After analyzing the factors of each group, the factor with the highest local priority in a group is selected as the representative of that group to compare the groups and the final results of the comparison of these representatives are considered as the weight of the group. Comparing the groups, it was found that the two groups of weaknesses and opportunities had the highest weight (p = 0.353), followed by the group of threats in the second place (p = 0.214) and the group of strengths in third place (p = 0.08). The final step is to calculate the global priorities of the factors. To do this, the weight of each group was multiplied by the local priority of the following factors. Due to global priorities the first important factor belongs to the group of weaknesses (W1). This factor is the main problem of the phytodesalination method in CWs, i.e. dependence on evapotranspiration. Evaporation from the CW media surface and transpiration from plants along with the upward capillary flow in the CW causes the upper CW surfaces to fill with salt over time. This saline layer will increase the salinity of the incoming water to CW. Therefore, the most important step in the success of this method is to control evapotranspiration and reduce its amount.
The second most common factor is T4 in the threat group. This is due to the lack of appropriate financial incentives and the lack of participation of related economic sectors in salinity research. Therefore, according to experts, after solving the problem of dependence on evapotranspiration, the completion of research in the shadow of financial incentives is one of the most important factors in the success of the salt phytoremediation method in CWs wetlands.
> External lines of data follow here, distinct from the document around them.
(* Let $x=\{x_n\}_{n=1}^\infty$ be a complex sequence with $x_n\neq0$ for all $n$ and $\sum_{k=1}^\infty|x_kx_{k+1}|<\infty$. Then $F_n:=\mathfrak{F}\big(\{x_k\}_{k=n}^\infty\big)$, $n\in\mathbb{N}$, is the unique solution of the second order difference equation \[ F_n-F_{n+1}+x_nx_{n+1}F_{n+2}=0,\quad n\in\mathbb{N}, \] satisfying $\lim_{n\to\infty}F_n=1$.
   Context: For a complex sequence $x=\{x_k\}_{k=N}^{\infty}$ with $\sum_{k\ge N}|x_kx_{k+1}|<\infty$, define \[ \mathfrak{F}(x)=1+\sum_{m=1}^\infty(-1)^m\sum_{k_1=N}^\infty\ \sum_{k_2=k_1+2}^\infty\cdots\sum_{k_m=k_{m-1}+2}^\infty x_{k_1}x_{k_1+1}x_{k_2}x_{k_2+1}\cdots x_{k_m}x_{k_m+1}. \] *)

theory Defs
  imports "HOL-Analysis.Analysis"
begin

definition adm_idx :: "nat \<Rightarrow> nat \<Rightarrow> nat list set" where
  "adm_idx N m = {ks. length ks = m \<and> (\<forall>k\<in>set ks. N \<le> k) \<and>
                      sorted_wrt (\<lambda>a b. a + 2 \<le> b) ks}"

definition pair_prod :: "(nat \<Rightarrow> complex) \<Rightarrow> nat list \<Rightarrow> complex" where
  "pair_prod x ks = prod_list (map (\<lambda>k. x k * x (Suc k)) ks)"

definition frakF :: "(nat \<Rightarrow> complex) \<Rightarrow> nat \<Rightarrow> complex" where
  "frakF x N = 1 + (\<Sum>m. (-1) ^ Suc m * infsum (pair_prod x) (adm_idx N (Suc m)))"

end

theory Submission
  imports Defs
begin

text \<open>
  Write e_m(N) for the sum of \<open>pair_prod x\<close> over \<open>adm_idx N m\<close> and T_N for the tail
  \<open>\<Sum>k\<ge>N. |x k * x (k+1)|\<close>. Splitting admissible tuples according to whether
  k_1 = N gives e_(m+1)(N) = x_N x_(N+1) e_m(N+2) + e_(m+1)(N+1), and the same splitting
  proves |e_m(N)| \<le> T_N^m / m! by induction. Hence all series converge absolutely,
  the recurrence for e sums to the difference equation, and |F_N - 1| \<le> exp T_N - 1,
  which tends to 0.

  For uniqueness let D = G - F. The Casoratian W_n = F_n D_(n+1) - F_(n+1) D_n satisfies
  W_n = x_n x_(n+1) W_(n+1) and tends to 0; as the coefficients tend to 0, W vanishes
  eventually. Then D/F is eventually constant with limit 0, so D vanishes eventually,
  and the recurrence carries D = 0 back to every n \<ge> 1.
\<close>

lemma adm_idx_0: "adm_idx N 0 = {[]}"
  by (auto simp: adm_idx_def)

lemma adm_idx_Suc:
  "adm_idx N (Suc m) = Cons N ` adm_idx (N + 2) m \<union> adm_idx (Suc N) (Suc m)"
proof (rule set_eqI)
  fix ks
  show "ks \<in> adm_idx N (Suc m) \<longleftrightarrow> ks \<in> Cons N ` adm_idx (N + 2) m \<union> adm_idx (Suc N) (Suc m)"
  proof (cases ks)
    case (Cons k ks')
    then show ?thesis
      by (cases "k = N") (fastforce simp: adm_idx_def)+
  qed (auto simp: adm_idx_def)
qed

lemma adm_idx_Suc_disjoint: "Cons N ` adm_idx (N + 2) m \<inter> adm_idx (Suc N) (Suc m) = {}"
  by (auto simp: adm_idx_def)

lemma finite_adm_idx_lists: "finite (adm_idx N m \<inter> lists {..<M})"
  by (rule finite_subset[OF _ finite_lists_length_eq[of "{..<M}" m]]) (auto simp: adm_idx_def)

lemma adm_idx_lists_empty: "M \<le> N \<Longrightarrow> adm_idx N (Suc m) \<inter> lists {..<M} = {}"
  by (auto simp: adm_idx_def length_Suc_conv)

lemma pair_prod_Nil [simp]: "pair_prod x [] = 1"
  by (simp add: pair_prod_def)

lemma pair_prod_Cons [simp]: "pair_prod x (k # ks) = x k * x (Suc k) * pair_prod x ks"
  by (simp add: pair_prod_def)

definition adm_sum :: "(nat \<Rightarrow> complex) \<Rightarrow> nat \<Rightarrow> nat \<Rightarrow> complex" where
  "adm_sum x N m = infsum (pair_prod x) (adm_idx N m)"

lemma adm_sum_0: "adm_sum x N 0 = 1"
  by (simp add: adm_sum_def adm_idx_0)

lemma frakF_eq_adm_sum: "frakF x N = 1 + (\<Sum>m. (-1) ^ Suc m * adm_sum x N (Suc m))"
  by (simp add: frakF_def adm_sum_def)

definition pair_norm :: "(nat \<Rightarrow> complex) \<Rightarrow> nat \<Rightarrow> real" where
  "pair_norm x k = norm (x k * x (Suc k))"

definition pair_tail :: "(nat \<Rightarrow> complex) \<Rightarrow> nat \<Rightarrow> real" where
  "pair_tail x N = (\<Sum>k. pair_norm x (k + N))"

lemma pair_norm_nonneg: "pair_norm x k \<ge> 0"
  by (simp add: pair_norm_def)

lemma power_Suc_add_ge:
  fixes b t :: real
  assumes "b \<ge> 0" "t \<ge> 0"
  shows "t ^ Suc m + real (Suc m) * b * t ^ m \<le> (b + t) ^ Suc m"
proof (induction m)
  case (Suc m)
  have "t ^ Suc (Suc m) + real (Suc (Suc m)) * b * t ^ Suc m
      \<le> (b + t) * (t ^ Suc m + real (Suc m) * b * t ^ m)"
    using assms by (simp add: algebra_simps)
  also have "\<dots> \<le> (b + t) * (b + t) ^ Suc m"
    using Suc assms by (intro mult_left_mono) auto
  finally show ?case by simp
qed simp

lemma power_div_fact_add_le:
  fixes b s t :: real
  assumes "b \<ge> 0" "0 \<le> s" "s \<le> t"
  shows "b * (s ^ m / fact m) + t ^ Suc m / fact (Suc m) \<le> (b + t) ^ Suc m / fact (Suc m)"
proof -
  have "b * (s ^ m / fact m) = real (Suc m) * b * s ^ m / fact (Suc m)"
    by (simp add: divide_simps del: of_nat_Suc)
  also have "\<dots> \<le> real (Suc m) * b * t ^ m / fact (Suc m)"
    using assms by (intro divide_right_mono mult_left_mono power_mono) auto
  finally have "b * (s ^ m / fact m) + t ^ Suc m / fact (Suc m)
      \<le> (t ^ Suc m + real (Suc m) * b * t ^ m) / fact (Suc m)"
    by (simp add: add_divide_distrib)
  also have "\<dots> \<le> (b + t) ^ Suc m / fact (Suc m)"
    using power_Suc_add_ge[OF assms(1), of t m] assms by (intro divide_right_mono) auto
  finally show ?thesis .
qed
(* Let $(M,\omega)$ be a symplectic manifold, $N\ge4$, and $X_1,\dots,X_N\subset M$ compact sets intersecting cyclically. Let $\Delta=[0,1]\times[0,1]$ with points $p_1=(0,1)$, $p_2,\dots,p_{N-2}\in[0,1]\times\{0\}$ and $p_{N-1}=(1,1)$, in counterclockwise cyclic order, and let $\gamma_1,\dots,\gamma_{N-1}$ be the corresponding arcs (so $\gamma_{N-1}=[0,1]\times\{1\}$). Let $\Phi\in\mathcal F'_{\mathbf\Delta,N-1}(X_1,\dots,X_{N-2},X_{N-1}\cup X_N)$ for this datum $\mathbf\Delta$. Then for every $\varepsilon>0$ there exists a smooth $\widetilde\Phi=(\widetilde\Phi_1,\widetilde\Phi_2):M\to\Delta$ such that: (i) $\widetilde\Phi(X_k)\subseteq\gamma_k$ for all $1\le k\le N-2$; (ii) there is $\delta>0$ with $\widetilde\Phi(X_{N-1})\subseteq\gamma_{N-1}\setminus B_\delta(p_1)$ and $\widetilde\Phi(X_N)\subseteq\gamma_{N-1}\setminus B_\delta(p_{N-1})$; (iii) $\|\{\widetilde\Phi_1,\widetilde\Phi_2\}\|\le\|\{\Phi_1,\Phi_2\}\|+\varepsilon$.
   Context: $\{\cdot,\cdot\}$ is the Poisson bracket of $(M,\omega)$ and $\|\cdot\|$ the supremum norm over $M$; $B_\delta(p)$ is the open Euclidean disc of radius $\delta$ centered at $p$. For a datum consisting of a compact convex $\Delta\subset\mathbb R^2$ and points $p_1,\dots,p_n\in\partial\Delta$ in counterclockwise cyclic order, $\gamma_i$ is the closed arc of $\partial\Delta$ from $p_i$ counterclockwise to $p_{i+1}$ (indices mod $n$). A smooth $\Phi=(\Phi_1,\Phi_2):M\to\Delta$ satisfies (CS) if there is $(a,b)\in\Delta$ with $\Phi_1-a,\Phi_2-b$ compactly supported. $\mathcal F'_{\mathbf\Delta,n}(Y_1,\dots,Y_n)$ is the set of smooth $\Phi:M\to\Delta$ satisfying (CS) such that for every $i$ there is an open $U_i\supset Y_i$ with $\Phi(U_i)\subseteq\gamma_i$. Sets $X_1,\dots,X_N$ intersect cyclically if $X_i\cap X_j=\emptyset$ whenever $i\notin\{j-1,j,j+1\}$ mod $N$. *)

theory Defs
  imports "HOL-Analysis.Analysis" "HOL-Library.Extended_Nonnegative_Real"
begin

definition pderiv_coord :: "'d::finite \<Rightarrow> (real^'d \<Rightarrow> real) \<Rightarrow> real^'d \<Rightarrow> real" where
  "pderiv_coord i f x = frechet_derivative f (at x) (axis i 1)"

fun Ck_on :: "nat \<Rightarrow> (real^'d::finite) set \<Rightarrow> (real^'d \<Rightarrow> real) \<Rightarrow> bool" where
  "Ck_on 0 S f = continuous_on S f"
| "Ck_on (Suc k) S f = ((\<forall>x\<in>S. f differentiable (at x)) \<and>
       (\<forall>i. Ck_on k S (pderiv_coord i f)))"

definition smooth_fun_on :: "(real^'d::finite) set \<Rightarrow> (real^'d \<Rightarrow> real) \<Rightarrow> bool" where
  "smooth_fun_on S f = (\<forall>k. Ck_on k S f)"

definition smooth_map_on :: "(real^'d::finite) set \<Rightarrow> (real^'d \<Rightarrow> real^'e::finite) \<Rightarrow> bool" where
  "smooth_map_on S F = (\<forall>j. smooth_fun_on S (\<lambda>x. F x $ j))"

definition grad_coord :: "(real^'d::finite \<Rightarrow> real) \<Rightarrow> real^'d \<Rightarrow> real^'d" where
  "grad_coord f x = (\<chi> i. pderiv_coord i f x)"

type_synonym ('m, 'd) chart = "'m set \<times> ('m \<Rightarrow> real^'d)"

definition is_chart :: "'m topology \<Rightarrow> ('m, 'd::finite) chart \<Rightarrow> bool" where
  "is_chart X c = (case c of (U, \<phi>) \<Rightarrow> openin X U \<and> open (\<phi> ` U) \<and>
      homeomorphic_map (subtopology X U) (subtopology euclidean (\<phi> ` U)) \<phi>)"

definition transition :: "('m, 'd::finite) chart \<Rightarrow> ('m, 'd) chart \<Rightarrow> real^'d \<Rightarrow> real^'d" where
  "transition c c' = snd c' \<circ> inv_into (fst c) (snd c)"

definition smooth_atlas :: "'m topology \<Rightarrow> ('m, 'd::finite) chart set \<Rightarrow> bool" where
  "smooth_atlas X A = ((\<forall>c\<in>A. is_chart X c) \<and> \<Union>(fst ` A) = topspace X \<and>
      (\<forall>c\<in>A. \<forall>c'\<in>A. smooth_map_on (snd c ` (fst c \<inter> fst c')) (transition c c')))"
lemma partition_on_blocks: "partition_on U (block \<Lambda> ` {1..n})"
proof -
  have rows: "partition_on ({1..n} \<times> {1..r}) ((\<lambda>p. {p} \<times> {1..r}) ` {1..n})"
    using r_pos by (intro partition_onI) (auto simp: disjnt_def dest!: sym[of "{}"])
  have "partition_on ((\<Lambda> \<circ> e) ` ({1..n} \<times> {1..r}))
      ((`) (\<Lambda> \<circ> e) ` (\<lambda>p. {p} \<times> {1..r}) ` {1..n} - {{}})"
    by (rule partition_on_inj_image[OF rows bij_betw_imp_inj_on[OF bij_betw_comp_e[OF \<Lambda>]]])
  moreover have "(`) (\<Lambda> \<circ> e) ` (\<lambda>p. {p} \<times> {1..r}) ` {1..n} - {{}} = block \<Lambda> ` {1..n}"
    using r_pos by (auto simp: block_eq_image image_image)
  ultimately show ?thesis
    using bij_betw_imp_surj_on[OF bij_betw_comp_e[OF \<Lambda>]] by simp
qed

lemma block_list_block:
  "p \<in> {1..n} \<Longrightarrow> block_list \<Lambda> (block \<Lambda> p) = restrict (\<lambda>j. \<Lambda> (e (p, j))) {1..r}"
  using the_inv_into_f_f[OF inj_on_block] by (simp add: block_list_def)
lemma inverse_sqrt_tangent:
  assumes "0 < x" "0 < a"
  shows "(3 * a\<^sup>2 - x) / (2 * a ^ 3) \<le> 1 / sqrt x"
proof -
  define t where "t = sqrt x"
  have t: "0 < t" "x = t\<^sup>2" using assms unfolding t_def by auto
  have "2 * a ^ 3 - (3 * a\<^sup>2 - t\<^sup>2) * t = (t - a)\<^sup>2 * (t + 2 * a)" by algebra
  moreover have "(t - a)\<^sup>2 * (t + 2 * a) \<ge> 0" using t assms by simp
  ultimately have "(3 * a\<^sup>2 - t\<^sup>2) * t \<le> 2 * a ^ 3" by linarith
  then show ?thesis using t assms unfolding t_def[symmetric] by (simp add: field_simps)
qed

lemma inverse_sqrt_add_ge:
  assumes "0 < x" "0 < y" "0 < a"
  shows "(6 * a\<^sup>2 - (x + y)) / (2 * a ^ 3) \<le> 1 / sqrt x + 1 / sqrt y"
proof -
  have "(6 * a\<^sup>2 - (x + y)) / (2 * a ^ 3) = (3 * a\<^sup>2 - x) / (2 * a ^ 3) + (3 * a\<^sup>2 - y) / (2 * a ^ 3)"
    by (simp add: add_divide_distrib[symmetric])
  then show ?thesis using inverse_sqrt_tangent[OF assms(1,3)] inverse_sqrt_tangent[OF assms(2,3)]
    by linarith
qed

text \<open>A long third side forces r2 and r3 to be nearly opposite, so their projections
  onto the direction of r1 almost cancel.\<close>

lemma sqdist_sum_le_of_far:
  assumes "0 < r1" "r1 < e" "0 < r2" "r2 < a - e" "0 < r3" "r3 < a" "3 * e \<le> 2 * a"
    and far: "3 * a\<^sup>2 - a * e \<le> sqdist r2 r3 (\<alpha> - \<beta>)"
  shows "sqdist r1 r2 \<alpha> + sqdist r1 r3 \<beta> \<le> 2 * a\<^sup>2"
proof -
  define u where "u = r2 * cos \<alpha> + r3 * cos \<beta>"
  have r2: "r2\<^sup>2 \<le> (a - e)\<^sup>2" and r3: "r3\<^sup>2 \<le> a\<^sup>2"
    using assms by (simp_all add: power_mono)
  have "u\<^sup>2 \<le> 2 * r2\<^sup>2 + 2 * r3\<^sup>2 - sqdist r2 r3 (\<alpha> - \<beta>)"
    unfolding u_def by (rule cos_combination_sq_le)
  also have "\<dots> \<le> 2 * (a - e)\<^sup>2 + 2 * a\<^sup>2 - (3 * a\<^sup>2 - a * e)" using r2 r3 far by linarith
  also have "\<dots> \<le> (a - 3 / 2 * e)\<^sup>2" by (simp add: power2_eq_square algebra_simps)
  finally have "\<bar>u\<bar> \<le> a - 3 / 2 * e"
    using assms(7) by (simp add: abs_le_square_iff[symmetric])
  then have "r1 * (- (a - 3 / 2 * e)) \<le> r1 * u" using assms(1) by (intro mult_left_mono) auto
  moreover have "r1 * (r1 + (a - 3 / 2 * e)) \<le> e * (a - 1 / 2 * e)"
    using assms by (intro mult_mono) auto
  ultimately have "2 * r1\<^sup>2 - 2 * r1 * u \<le> 2 * a * e - e\<^sup>2"
    by (simp add: algebra_simps power2_eq_square)
  moreover have "r2\<^sup>2 + r3\<^sup>2 \<le> 2 * a\<^sup>2 - 2 * a * e + e\<^sup>2"
    using r2 r3 by (simp add: power2_eq_square algebra_simps)
  ultimately show ?thesis unfolding sqdist_add u_def[symmetric] by linarith
qed

text \<open>In terms of t = e / a < 1/20 this says 1/(2 - t) + t + t^2/2 \<le> 1 / sqrt 3.\<close>

lemma near_collinear_numeric:
  assumes "0 < e" "20 * e < a"
  shows "2 / a + 1 / (2 * a - e)
         \<le> (4 * a\<^sup>2 - 2 * a * e - e\<^sup>2) / (2 * a ^ 3) + 1 / (sqrt 3 * a)"
proof -
  have a: "0 < a" using assms by simp
  have "1 / (2 * a - e) \<le> 20 / (39 * a)" using assms by (simp add: field_simps)
  moreover have "(4 * a\<^sup>2 - 2 * a * e - e\<^sup>2) / (2 * a ^ 3) = 2 / a - (2 * a * e + e\<^sup>2) / (2 * a ^ 3)"
    using a by (simp add: field_simps power2_eq_square power3_eq_cube)
  moreover have "(2 * a * e + e\<^sup>2) / (2 * a ^ 3) \<le> 41 / (800 * a)"
  proof -
    have "e * e \<le> (a / 20) * (a / 20)" "a * e \<le> a * (a / 20)"
      using assms a by (intro mult_mono; simp)+
    then have "2 * a * e + e\<^sup>2 \<le> 41 / 400 * a\<^sup>2" by (simp add: power2_eq_square)
    then have "(2 * a * e + e\<^sup>2) / (2 * a ^ 3) \<le> (41 / 400 * a\<^sup>2) / (2 * a ^ 3)"
      using a by (intro divide_right_mono) auto
    also have "\<dots> = 41 / (800 * a)" using a by (simp add: power2_eq_square power3_eq_cube)
    finally show ?thesis .
  qed
  moreover have "4 / (7 * a) \<le> 1 / (sqrt 3 * a)"
  proof -
    have "sqrt 3 \<le> sqrt ((7 / 4)\<^sup>2)" by (simp add: power2_eq_square)
    then have "sqrt 3 \<le> 7 / 4" by simp
    then show ?thesis using a by (simp add: field_simps)
  qed
  moreover have "20 / (39 * a) + 41 / (800 * a) \<le> 4 / (7 * a)" using a by (simp add: field_simps)
  ultimately show ?thesis by linarith
qed

lemma near_collinear_bound:
  assumes "0 < r1" "r1 < e" "S - e < r2" "r2 < S" "S < r3" "r3 < S + e" "19 * e < S"
  shows "2 / (S + e) + 1 / (2 * S + e)
         \<le> 1 / sqrt (sqdist r1 r2 \<alpha>) + 1 / sqrt (sqdist r1 r3 \<beta>)
            + 1 / sqrt (sqdist r2 r3 (\<alpha> - \<beta>))"
proof -
  define a where "a = S + e"
  define X Y Z where "X = sqdist r1 r2 \<alpha>" and "Y = sqdist r1 r3 \<beta>"
    and "Z = sqdist r2 r3 (\<alpha> - \<beta>)"
  have e: "0 < e" "20 * e < a" using assms unfolding a_def by linarith+
  have pos: "0 < X" "0 < Y" "0 < Z" unfolding X_def Y_def Z_def using assms by (auto intro: sqdist_pos)
  have pair: "(6 * a\<^sup>2 - (X + Y)) / (2 * a ^ 3) \<le> 1 / sqrt X + 1 / sqrt Y"
    using inverse_sqrt_add_ge[OF pos(1,2)] e by simp
  have "2 / a + 1 / (2 * a - e) \<le> 1 / sqrt X + 1 / sqrt Y + 1 / sqrt Z"
  proof (cases "3 * a\<^sup>2 - a * e \<le> Z")
    case True
    then have "X + Y \<le> 2 * a\<^sup>2"
      unfolding X_def Y_def Z_def using assms e by (intro sqdist_sum_le_of_far) (auto simp: a_def)
    then have "4 * a\<^sup>2 / (2 * a ^ 3) \<le> (6 * a\<^sup>2 - (X + Y)) / (2 * a ^ 3)"
      using e by (intro divide_right_mono) auto
    moreover have "4 * a\<^sup>2 / (2 * a ^ 3) = 2 / a"
      using e by (simp add: power2_eq_square power3_eq_cube)
    moreover have "1 / (2 * a - e) \<le> 1 / sqrt Z"
    proof -
      have "sqrt Z \<le> r2 + r3" unfolding Z_def using assms by (intro sqrt_sqdist_le) auto
      then show ?thesis using pos(3) assms unfolding a_def by (intro divide_left_mono) auto
    qed
    ultimately show ?thesis using pair by linarith
  next
    case False
    have "X \<le> (r1 + r2)\<^sup>2" "Y \<le> (r1 + r3)\<^sup>2"
      unfolding X_def Y_def using assms by (intro sqdist_le; simp)+
    moreover have "(r1 + r2)\<^sup>2 \<le> a\<^sup>2" "(r1 + r3)\<^sup>2 \<le> (a + e)\<^sup>2"
      using assms unfolding a_def by (intro power_mono; simp)+
    ultimately have "4 * a\<^sup>2 - 2 * a * e - e\<^sup>2 \<le> 6 * a\<^sup>2 - (X + Y)"
      by (simp add: power2_eq_square algebra_simps)
    then have "(4 * a\<^sup>2 - 2 * a * e - e\<^sup>2) / (2 * a ^ 3) \<le> (6 * a\<^sup>2 - (X + Y)) / (2 * a ^ 3)"
      using e by (intro divide_right_mono) auto
    then have "(4 * a\<^sup>2 - 2 * a * e - e\<^sup>2) / (2 * a ^ 3) \<le> 1 / sqrt X + 1 / sqrt Y"
      using pair by linarith
    moreover have "1 / (sqrt 3 * a) \<le> 1 / sqrt Z"
    proof -
      have "0 < a * e" using e by simp
      then have "sqrt Z \<le> sqrt (3 * a\<^sup>2)" using False by simp
      then have "sqrt Z \<le> sqrt 3 * a" using e by (simp add: real_sqrt_mult)
      then show ?thesis using pos(3) e by (intro divide_left_mono mult_pos_pos) auto
    qed
    ultimately show ?thesis using near_collinear_numeric[OF e] by linarith
  qed
  moreover have "2 * a - e = 2 * S + e" unfolding a_def by simp
  ultimately show ?thesis unfolding a_def X_def Y_def Z_def by (simp add: add.commute)
qed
The third rank is a positive factor, i.e. O3 factor from the group of opportunities. This factor, which is reduction of water resources and the need to the use of unconventional resources, is an important opportunity for this method. In fact, this method can play a role as one of the solutions to the water crisis. The fourth place also belongs to an opportunity. This factor is the O4 factor i.e. the existence of huge sources of salt water (salt seas and rivers). The factor that, as an endless input, ensures the success of this method in terms of input stability. The fifth rank also belongs to a threat. This threat, factor T4, is a lack of understanding of the water crisis and the need to turn to unconventional resources. This lack of understanding exists both among the people and among the managers of the water sector. Therefore, it needs to provide the necessary education in this regard to strengthen this understanding. The next five factors are opportunity, weakness, weakness, threat and opportunity types, respectively. In other words, of the first ten factors, three are weakness, three are threats, and four are opportunities. Therefore, it seems that the strategies chosen for this system should be WT and WO.